Rock Redemption (Rock Kiss, #3)(91)
He crushed her closer, the tremors in his body having turned stiff until his muscles and bones felt like those of an eighty-year-old man. “I was only six, and he showed me the knife he’d use to cut my parents’ throats. So I didn’t tell.”
To this day, Noah didn’t know if he’d have been believed if he had told. “That summer, he did it again and again and again.” Noah’s father had brought a lot of work with him, and Noah’s mother had so many friends to see after having been on bed rest for most of her pregnancy; they’d thought nothing of leaving Noah with the man who was thought to be a friend. And the man’s wife had thought him a great guy for offering to babysit so she could accompany Noah’s mom on her visits.
“Even after we returned home,” Noah continued before he couldn’t, “I didn’t tell anyone. He’d convinced me that he was a real monster, that he could get to my family no matter where we lived.” Huddled and shivering under his blankets, he’d barely slept as he waited for evil to crawl through the window. “It was only when my parents started making plans to spend the next summer with the same family that I broke.
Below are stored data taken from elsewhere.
lemma (in prob_space) prob_le_of_subset_Un:
  assumes "A \<subseteq> B \<union> X" "B \<in> sets M" "X \<in> sets M"
  shows "prob A \<le> prob B + prob X"
  using finite_measure_mono[OF assms(1)] measure_Un_le[OF assms(2,3)] assms(2,3) by auto

locale killed_process = prob_space M for M :: "'a measure" +
  fixes F :: "nat \<Rightarrow> 'a measure" and \<xi> \<zeta> :: "nat \<Rightarrow> 'a \<Rightarrow> real"
  assumes subalg: "\<And>n. subalgebra M (F n)"
    and filt: "\<And>n m. n \<le> m \<Longrightarrow> sets (F n) \<subseteq> sets (F m)"
    and adapt_xi: "\<And>n. \<xi> n \<in> borel_measurable (F n)"
    and adapt_zeta: "\<And>n. \<zeta> n \<in> borel_measurable (F n)"
    and zeta01: "\<And>n \<omega>. \<omega> \<in> space M \<Longrightarrow> \<zeta> n \<omega> \<in> {0, 1}"
    and zeta0: "\<And>\<omega>. \<omega> \<in> space M \<Longrightarrow> \<zeta> 0 \<omega> = 1"
    and absorb: "\<And>n m \<omega>. \<omega> \<in> space M \<Longrightarrow> n \<le> m \<Longrightarrow> \<zeta> n \<omega> = 0 \<Longrightarrow> \<zeta> m \<omega> = 0"
begin

lemma measurable_zeta [measurable]: "\<zeta> n \<in> borel_measurable M"
  using measurable_from_subalg[OF subalg adapt_zeta] .

lemma measurable_xi [measurable]: "\<xi> n \<in> borel_measurable M"
  using measurable_from_subalg[OF subalg adapt_xi] .
lemma normalise_eq_iff_rankine_hugoniot:
  assumes "\<sigma> \<noteq> 0" "a \<noteq> b" "\<sigma> * jump a b + jump c d = 0"
  shows "normalise a b y = normalise c d z \<longleftrightarrow> \<sigma> * y + z = \<sigma> * a + c"
proof -
  have "jump c d = - \<sigma> * jump a b"
    using assms(3) by simp
  then have "normalise c d z = (- (z - mean c d) / \<sigma>) / (jump a b / 2)"
    using assms(1) by (simp add: normalise_def divide_simps)
  then have "normalise a b y = normalise c d z \<longleftrightarrow>
      (y - mean a b) / (jump a b / 2) = (- (z - mean c d) / \<sigma>) / (jump a b / 2)"
    by (simp only: normalise_def)
  also have "\<dots> \<longleftrightarrow> y - mean a b = - (z - mean c d) / \<sigma>"
    using assms(2) by (simp only: divide_cancel_right) (simp add: jump_def)
  also have "\<dots> \<longleftrightarrow> \<sigma> * y + z = \<sigma> * mean a b + mean c d"
    using assms(1) by (auto simp: field_simps)
  also have "\<sigma> * mean a b + mean c d = \<sigma> * a + c"
    using assms(3) by (simp add: mean_def jump_def field_simps)
  finally show ?thesis .
qed

lemma avg_normalise:
  assumes "\<And>a b. f integrable_on {a..b}"
  shows "avg (\<lambda>s. normalise a b (f s)) x = normalise a b (avg f x)"
  unfolding normalise_eq_affine by (rule avg_affine[OF assms])

lemma deriv_Phi_hat:
  assumes "\<And>x. (\<Phi> has_real_derivative deriv \<Phi> x) (at x)"
    and "rm \<noteq> rp" and "deriv \<Phi> rm \<noteq> deriv \<Phi> rp"
  shows "deriv (Phi_hat \<Phi> rm rp) w =
    normalise (deriv \<Phi> rm) (deriv \<Phi> rp) (deriv \<Phi> (mean rm rp + jump rm rp / 2 * w))"
proof -
  let ?jP = "jump (deriv \<Phi> rm) (deriv \<Phi> rp)" and ?jr = "jump rm rp"
  have jP: "?jP \<noteq> 0" and jr: "?jr \<noteq> 0"
    using assms(2,3) by (auto simp: jump_def)
  have "(Phi_hat \<Phi> rm rp has_real_derivative
      4 / (?jP * ?jr) * (deriv \<Phi> (mean rm rp + ?jr / 2 * w) * (?jr / 2))
        - 2 * mean (deriv \<Phi> rm) (deriv \<Phi> rp) / ?jP) (at w)"
    unfolding Phi_hat_def[abs_def] using jP jr
    by (auto intro!: derivative_eq_intros DERIV_chain2[OF assms(1)])
  from DERIV_imp_deriv[OF this] show ?thesis
    using jP jr by (simp add: normalise_def field_simps)
qed

lemma front_corr_unique_W:
  assumes "vm \<noteq> vp" "front_corr rm rp vm vp R V W" "front_corr rm rp vm vp R V W'"
  shows "W = W'"
proof
  fix x
  have "mean vm vp + jump vm vp / 2 * W x = mean vm vp + jump vm vp / 2 * W' x"
    using assms(2,3) unfolding front_corr_def by metis
  then show "W x = W' x"
    using assms(1) by (simp add: jump_def)
qed

lemma front_corr_unique_front:
  assumes "front_corr rm rp vm vp R V W" "front_corr rm rp vm vp R' V' W"
  shows "R = R' \<and> V = V'"
proof
  show "R = R'"
  proof
    fix x
    show "R x = R' x"
      using assms unfolding front_corr_def by (metis add_diff_cancel_right')
  qed
  show "V = V'"
    using assms unfolding front_corr_def by auto
qed

locale rankine_hugoniot =
  fixes \<Phi> :: "real \<Rightarrow> real" and \<sigma> rm rp vm vp :: real
  assumes smooth: "smooth_real \<Phi>"
    and speed_nonzero: "\<sigma> \<noteq> 0" and r_distinct: "rm \<noteq> rp"
    and rh_r: "\<sigma> * jump rm rp + jump vm vp = 0"
    and rh_v: "\<sigma> * jump vm vp + jump (deriv \<Phi> rm) (deriv \<Phi> rp) = 0"
begin

lemma v_distinct: "vm \<noteq> vp"
  using rh_r speed_nonzero r_distinct by (auto simp: jump_def)

lemma deriv_Phi_distinct: "deriv \<Phi> rm \<noteq> deriv \<Phi> rp"
  using rh_v speed_nonzero v_distinct by (auto simp: jump_def)
text \<open>Each index lies in the same number of \<open>k\<close>-subsets, so a uniform \<open>k\<close>-subset samples
  a fraction \<open>k / m\<close> of any sum over the \<open>m\<close> indices.\<close>
lemma integral_sum_uniform_subset:
  fixes g :: "'m::finite \<Rightarrow> real"
  assumes "1 \<le> k" "k \<le> CARD('m)"
  shows "(\<integral>\<tau>. (\<Sum>i\<in>\<tau>. g i) \<partial>pmf_of_set (subsets_of_size k))
       = real k / real CARD('m) * (\<Sum>i\<in>UNIV. g i)"
proof -
  let ?S = "subsets_of_size k :: 'm set set"
  have "(\<Sum>\<tau>\<in>?S. (\<Sum>i\<in>\<tau>. g i)) = (\<Sum>i\<in>UNIV. (\<Sum>\<tau>\<in>?S. if i \<in> \<tau> then g i else 0))"
    by (subst sum.swap[symmetric]) (simp add: sum.If_cases)
  also have "\<dots> = (\<Sum>i\<in>UNIV. g i * real ((CARD('m) - 1) choose (k - 1)))"
  proof (intro sum.cong refl)
    fix i :: 'm
    have "{\<tau>\<in>?S. i \<in> \<tau>} = {S::'m set. card S = k \<and> i \<in> S}"
      unfolding subsets_of_size_def by auto
    then show "(\<Sum>\<tau>\<in>?S. if i \<in> \<tau> then g i else 0) = g i * real ((CARD('m) - 1) choose (k - 1))"
      using card_subsets_containing[OF assms(1), of i] by (simp add: sum.If_cases Int_def)
  qed
  finally have sum_eq: "(\<Sum>\<tau>\<in>?S. (\<Sum>i\<in>\<tau>. g i)) = (\<Sum>i\<in>UNIV. g i) * real ((CARD('m) - 1) choose (k - 1))"
    by (simp add: sum_distrib_right)
  have "real k * real (CARD('m) choose k) = real CARD('m) * real ((CARD('m) - 1) choose (k - 1))"
    using times_binomial_minus1_eq[of k "CARD('m)"] assms(1) by (metis of_nat_mult less_le_trans zero_less_one)
  moreover have "real (CARD('m) choose k) > 0" using assms(2) by simp
  ultimately show ?thesis
    using subsets_of_size_nonempty[OF assms(2)]
    by (simp add: integral_pmf_of_set sum_eq card_subsets_of_size field_simps)
qed

lemma integral_pmf_of_set_mono:
  fixes f g :: "'a \<Rightarrow> real"
  assumes "finite S" "S \<noteq> {}" "\<And>x. x \<in> S \<Longrightarrow> f x \<le> g x"
  shows "(\<integral>x. f x \<partial>pmf_of_set S) \<le> (\<integral>x. g x \<partial>pmf_of_set S)"
  using assms by (simp add: integral_pmf_of_set divide_right_mono sum_mono)

lemma integral_pmf_of_set_le_sqrt:
  fixes f :: "'a \<Rightarrow> real"
  assumes "finite S" "S \<noteq> {}"
  shows "(\<integral>x. f x \<partial>pmf_of_set S) \<le> sqrt (\<integral>x. (f x)\<^sup>2 \<partial>pmf_of_set S)"
proof -
  have N: "real (card S) > 0" using assms by (simp add: card_gt_0_iff)
  have "(\<Sum>x\<in>S. f x * 1)\<^sup>2 \<le> (\<Sum>x\<in>S. (f x)\<^sup>2) * (\<Sum>x\<in>S. 1\<^sup>2)"
    by (rule Cauchy_Schwarz_ineq_sum)
  then have "((\<Sum>x\<in>S. f x) / real (card S))\<^sup>2 \<le> (\<Sum>x\<in>S. (f x)\<^sup>2) / real (card S)"
    using N by (simp add: power_divide field_simps power2_eq_square)
  then show ?thesis using assms by (simp add: integral_pmf_of_set real_le_rsqrt)
qed

section \<open>The largest eigenvalue of \<open>A\<^sup>T A\<close>\<close>

lemma inner_transpose_mult_self:
  fixes A :: "real ^ 'n ^ 'm"
  shows "((transpose A ** A) *v v) \<bullet> w = (A *v v) \<bullet> (A *v w)"
  by (simp add: matrix_vector_mul_assoc[symmetric] dot_lmul_matrix)

lemma power2_norm_add_scaleR:
  fixes a b :: "'a::real_inner"
  shows "(norm (a + t *\<^sub>R b))\<^sup>2 = (norm a)\<^sup>2 + 2 * t * (a \<bullet> b) + t\<^sup>2 * (norm b)\<^sup>2"
  unfolding power2_norm_eq_inner
  by (simp add: inner_add_left inner_add_right inner_commute power2_eq_square algebra_simps)

lemma linear_coeff_eq_0_if_quadratic_nonpos:
  fixes g c :: real
  assumes "\<And>t. 2 * t * g + t\<^sup>2 * c \<le> 0"
  shows "g = 0"
proof -
  define s where "s = \<bar>c\<bar> + 1"
  have s: "s > 0" "2 * s + c > 0" unfolding s_def by auto
  have "2 * (g / s) * g + (g / s)\<^sup>2 * c \<le> 0" by (rule assms)
  then have "g\<^sup>2 * (2 * s + c) \<le> 0"
    using s by (simp add: field_simps power2_eq_square)
  then have "g\<^sup>2 \<le> 0" using s by (simp add: mult_le_0_iff)
  then show ?thesis by simp
qed

text \<open>A maximiser of \<open>\<parallel>A v\<parallel>\<close> on the unit sphere is a critical point of the Rayleigh quotient,
  hence an eigenvector of \<open>A\<^sup>T A\<close>.\<close>
lemma transpose_mult_self_top_eigenvalue:
  fixes A :: "real ^ 'n ^ 'm"
  obtains l v where "v \<noteq> 0" "(transpose A ** A) *v v = l *\<^sub>R v"
    and "\<And>u. (norm (A *v u))\<^sup>2 \<le> l * (norm u)\<^sup>2"
proof -
  have "axis undefined 1 \<in> sphere (0::real^'n) 1" by simp
  then have sphere_ne: "sphere (0::real^'n) 1 \<noteq> {}" by blast
  have "continuous_on (sphere 0 1) (\<lambda>v. (norm (A *v v))\<^sup>2)"
    by (intro continuous_intros)
  then obtain v where "v \<in> sphere 0 1"
    and v_max: "\<forall>u\<in>sphere 0 1. (norm (A *v u))\<^sup>2 \<le> (norm (A *v v))\<^sup>2"
    using continuous_attains_sup[OF compact_sphere sphere_ne] by blast
  then have v: "norm v = 1" by simp
  define l where "l = (norm (A *v v))\<^sup>2"
  have bound: "(norm (A *v u))\<^sup>2 \<le> l * (norm u)\<^sup>2" for u
  proof (cases "u = 0")
    case False
    then have "(norm (A *v ((1 / norm u) *\<^sub>R u)))\<^sup>2 \<le> l"
      unfolding l_def using v_max by simp
    then show ?thesis using False by (simp add: matrix_vector_mult_scaleR power_divide divide_le_eq mult.commute)
  qed simp
  have critical: "(A *v v) \<bullet> (A *v w) = l * (v \<bullet> w)" for w
  proof -
    have "2 * t * ((A *v v) \<bullet> (A *v w) - l * (v \<bullet> w)) + t\<^sup>2 * ((norm (A *v w))\<^sup>2 - l * (norm w)\<^sup>2) \<le> 0" for t
      using bound[of "v + t *\<^sub>R w"] v
      by (simp add: matrix_vector_right_distrib matrix_vector_mult_scaleR power2_norm_add_scaleR l_def algebra_simps)
    then show ?thesis using linear_coeff_eq_0_if_quadratic_nonpos by force
  qed
  have "(transpose A ** A) *v v = l *\<^sub>R v"
  proof -
    let ?d = "(transpose A ** A) *v v - l *\<^sub>R v"
    have "?d \<bullet> ?d = 0"
      using critical[of ?d] by (simp add: inner_diff_left inner_transpose_mult_self)
    then show ?thesis by simp
  qed
  moreover have "v \<noteq> 0" using v by auto
  ultimately show ?thesis using that bound by blast
qed

text \<open>Eigenvectors of the symmetric matrix \<open>A\<^sup>T A\<close> for distinct eigenvalues are orthogonal,
  hence independent, so there are only finitely many eigenvalues.\<close>
lemma finite_eigenvalues_transpose_mult_self:
  fixes A :: "real ^ 'n ^ 'm"
  shows "finite {c. \<exists>v. v \<noteq> 0 \<and> (transpose A ** A) *v v = c *\<^sub>R v}"
proof -
  define E where "E = {c. \<exists>v. v \<noteq> 0 \<and> (transpose A ** A) *v v = c *\<^sub>R v}"
  define ev where "ev c = (SOME v. v \<noteq> 0 \<and> (transpose A ** A) *v v = c *\<^sub>R v)" for c
  have ev: "ev c \<noteq> 0 \<and> (transpose A ** A) *v ev c = c *\<^sub>R ev c" if "c \<in> E" for c
  proof -
    from that obtain v where "v \<noteq> 0 \<and> (transpose A ** A) *v v = c *\<^sub>R v" unfolding E_def by blast
    then show ?thesis unfolding ev_def by (rule someI)
  qed
  have ev_inner: "c * (ev c \<bullet> ev d) = d * (ev c \<bullet> ev d)" if "c \<in> E" "d \<in> E" for c d
  proof -
    have "c * (ev c \<bullet> ev d) = ((transpose A ** A) *v ev c) \<bullet> ev d"
      using ev[OF that(1)] by simp
    also have "\<dots> = ((transpose A ** A) *v ev d) \<bullet> ev c"
      using inner_transpose_mult_self[of A "ev c" "ev d"] inner_transpose_mult_self[of A "ev d" "ev c"]
        inner_commute[of "A *v ev c" "A *v ev d"] by linarith
    also have "\<dots> = d * (ev c \<bullet> ev d)"
      using ev[OF that(2)] by (simp add: inner_commute)
    finally show ?thesis .
  qed
  have inj: "inj_on ev E"
  proof (rule inj_onI)
    fix c d assume cd: "c \<in> E" "d \<in> E" "ev c = ev d"
    then have "c * (ev c \<bullet> ev c) = d * (ev c \<bullet> ev c)" using ev_inner[OF cd(1,2)] by simp
    then show "c = d" using ev[OF cd(1)] by simp
  qed
  have "pairwise orthogonal (ev ` E)"
  proof (rule pairwiseI)
    fix u w assume "u \<in> ev ` E" "w \<in> ev ` E" "u \<noteq> w"
    then obtain c d where "c \<in> E" "d \<in> E" "u = ev c" "w = ev d" "c \<noteq> d" by blast
    then show "orthogonal u w" using ev_inner[of c d] by (simp add: orthogonal_def)
  qed
  moreover have "0 \<notin> ev ` E" using ev by fastforce
  ultimately have "independent (ev ` E)" by (simp add: pairwise_orthogonal_independent)
  then have "finite (ev ` E)" by (rule independent_bound_general[THEN conjunct1])
  then show ?thesis using inj unfolding E_def[symmetric] by (rule finite_imageD)
qed

lemma power2_norm_le_lambda_max:
  fixes A :: "real ^ 'n ^ 'm"
  shows "(norm (A *v v))\<^sup>2 \<le> lambda_max (transpose A ** A) * (norm v)\<^sup>2"
proof -
  obtain l u where "u \<noteq> 0" "(transpose A ** A) *v u = l *\<^sub>R u"
    and bound: "\<And>v. (norm (A *v v))\<^sup>2 \<le> l * (norm v)\<^sup>2"
    using transpose_mult_self_top_eigenvalue[of A] by blast
  then have "l \<in> {c. \<exists>v. v \<noteq> 0 \<and> (transpose A ** A) *v v = c *\<^sub>R v}" by blast
  then have "l \<le> lambda_max (transpose A ** A)"
    unfolding lambda_max_def by (rule Max_ge[OF finite_eigenvalues_transpose_mult_self])
  then have "l * (norm v)\<^sup>2 \<le> lambda_max (transpose A ** A) * (norm v)\<^sup>2"
    by (rule mult_right_mono) simp
  with bound show ?thesis by (rule order_trans)
qed

lemma one_le_lambda_max:
  fixes A :: "real ^ 'n ^ 'm"
  assumes "norm (A $ i) = 1"
  shows "1 \<le> lambda_max (transpose A ** A)"
proof -
  have "(A *v (A $ i)) $ i = 1"
    using assms by (simp add: matrix_vector_mul_component power2_norm_eq_inner[symmetric])
  then have "1 \<le> norm (A *v (A $ i))" using component_le_norm_cart[of "A *v (A $ i)" i] by simp
  then have "1 \<le> (norm (A *v (A $ i)))\<^sup>2" by (simp add: one_le_power)
  also have "\<dots> \<le> lambda_max (transpose A ** A)"
    using power2_norm_le_lambda_max[of A "A $ i"] assms by simp
  finally show ?thesis .
qed

section \<open>One step of the greedy sketched Kaczmarz method\<close>

lemma power2_norm_vec: "(norm (v :: real ^ 'k))\<^sup>2 = (\<Sum>i\<in>UNIV. (v $ i)\<^sup>2)"
  unfolding power2_norm_eq_inner inner_vec_def by (simp add: power2_eq_square)

locale gskm_setting =
  fixes A :: "real ^ 'n ^ ('m::finite)" and b :: "real ^ 'm" and \<delta> L :: real and \<beta> :: nat
    and sel :: "real ^ 'n \<Rightarrow> 'm set \<Rightarrow> 'm" and P :: "(real ^ 'n) set"
  assumes defP: "P = {x. \<forall>i. (A *v x) $ i \<le> b $ i}"
    and rows: "\<forall>i. norm (A $ i) = 1"
    and consistent: "P \<noteq> {}"
    and beta: "1 \<le> \<beta>" "\<beta> \<le> CARD('m)"
    and L: "L > 0"
    and hoffman: "\<forall>y. (infdist y P)\<^sup>2 \<le> L\<^sup>2 * (norm (pos_part_vec (A *v y - b)))\<^sup>2"
    and sel: "\<forall>y S. card S = \<beta> \<longrightarrow> sel y S \<in> S \<and>
               (\<forall>i\<in>S. max ((A $ i) \<bullet> y - b $ i) 0 \<le> max ((A $ sel y S) \<bullet> y - b $ sel y S) 0)"
    and delta: "0 < \<delta>" "\<delta> < 2"
begin

definition residual :: "real ^ 'n \<Rightarrow> 'm \<Rightarrow> real" where
  "residual y i = max ((A $ i) \<bullet> y - b $ i) 0"

definition contraction :: real where
  "contraction = 1 - (2 * \<delta> - \<delta>\<^sup>2) / (real CARD('m) * L\<^sup>2)"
I had a screaming tantrum, saying I didn’t want to go.”
“What happened?”
“Time out.” He smiled grimly. “My father told me I was too old for such theatrics and left me alone in my room to think it over. What I did instead was go into his study and use the key hidden under his lamp to unlock the drawer in which he kept his gun.”
Kit’s gasp was loud.
“I knew how to use it.” How to load the bullets if it was empty, how to release the safety, how to brace himself for the recoil. “My father’d taught me—we’re all ‘real men’ in the St. John family. Guns and hunting and women.” His father had always had a woman on the side, all part of the proud St. John tradition.
Bitterness in his mouth, Noah fisted his hand in Kit’s hair. “My father walked into my room an hour after he’d left to find me pointing the gun at the window.”
Kit went as if to rise up, but he couldn’t bear to see the disgust on her face, so he used his grip in her hair to keep her down. Not resisting, she stayed.
“To his credit, he didn’t yell. Instead, he asked me why I had the gun. I told him it was to shoot the monster so he couldn’t hurt us.” Noah could still see his father’s face as Noah finally told him about how the monster liked to do “bad things” to Noah: a mix of shock, pain, disgust… and shame.
Noah sometimes liked to imagine the latter two had been directed inward or at the man who’d done the crime, but Robert St. John’s later actions had made it clear the disgust and shame had been directed solely at Noah. “To cut a long story short, my father told me we wouldn’t be going to the Cape, I gave him the gun, and two weeks later, after a discreet medical examination to make sure there was no permanent physical damage, I was shipped off to boarding school.”
This time when Kit jerked up her head, he couldn’t keep her down. Turning his face away, he stared out into the garden.
“What about counseling?” she said, horror in her tone. “Did they even talk to you about—”
“No.” After the medical exam, no one in his family had ever again discussed the events of the summer of his sixth year. “My mother couldn’t even bear going with me to the doctor, and my father… he looked at me and was ashamed of me because I’d allowed it to happen.”
“You were just a child!” Open rage in Kit’s voice as she sat up beside him, her knees brushing his side. “They didn’t report the man, did they?”
“No. I spent my first year at boarding school having nightmares about him hunting me down.” It was after a screaming nightmare that Fox had tried to comfort him and he’d spilled the whole truth. His best friend had responded by putting a chair under the doorknob so no one could get into their room, and together they’d rigged up a noisemaker across the window.
“Tell me they didn’t just let that monster walk free,” Kit pleaded.
“On my eighth birthday, my father gave me a cutting from a newspaper. It was the man’s obituary.” Putting one arm under his head, he chanced looking up at the stars again, Kit in his peripheral vision. “It wasn’t until I was older that I searched online and discovered the man had been found in his study at home, dead of a self-inflicted gunshot wound.”
“Suicide. He did the world a favor.”
Noah wanted to laugh. “He did nothing. My father used to defend small-time mobsters, did you know that? The kind of men who’d do him a solid, no questions asked.”
“You think he had the bastard killed?”
“I know he did.” Noah was certain Robert St. John had done it because that man had dared shame the family name, not because he’d hurt Robert’s son. “When I turned eighteen, after a big-ass party my mother threw because that’s what she does, my father found me f*cking some random debutante. Later that night, he slapped me on the back and said, ‘Good to know that asswipe didn’t ruin you, boy. I hear the * begged for his life.’”
Chapter 33
If Noah’s parents had been in front of Kit right then, she’d have slapped them both sideways. They’d sent away a traumatized, scared boy without offering him any help. What must he have thought when he was shoved out of the family home? When he was abandoned?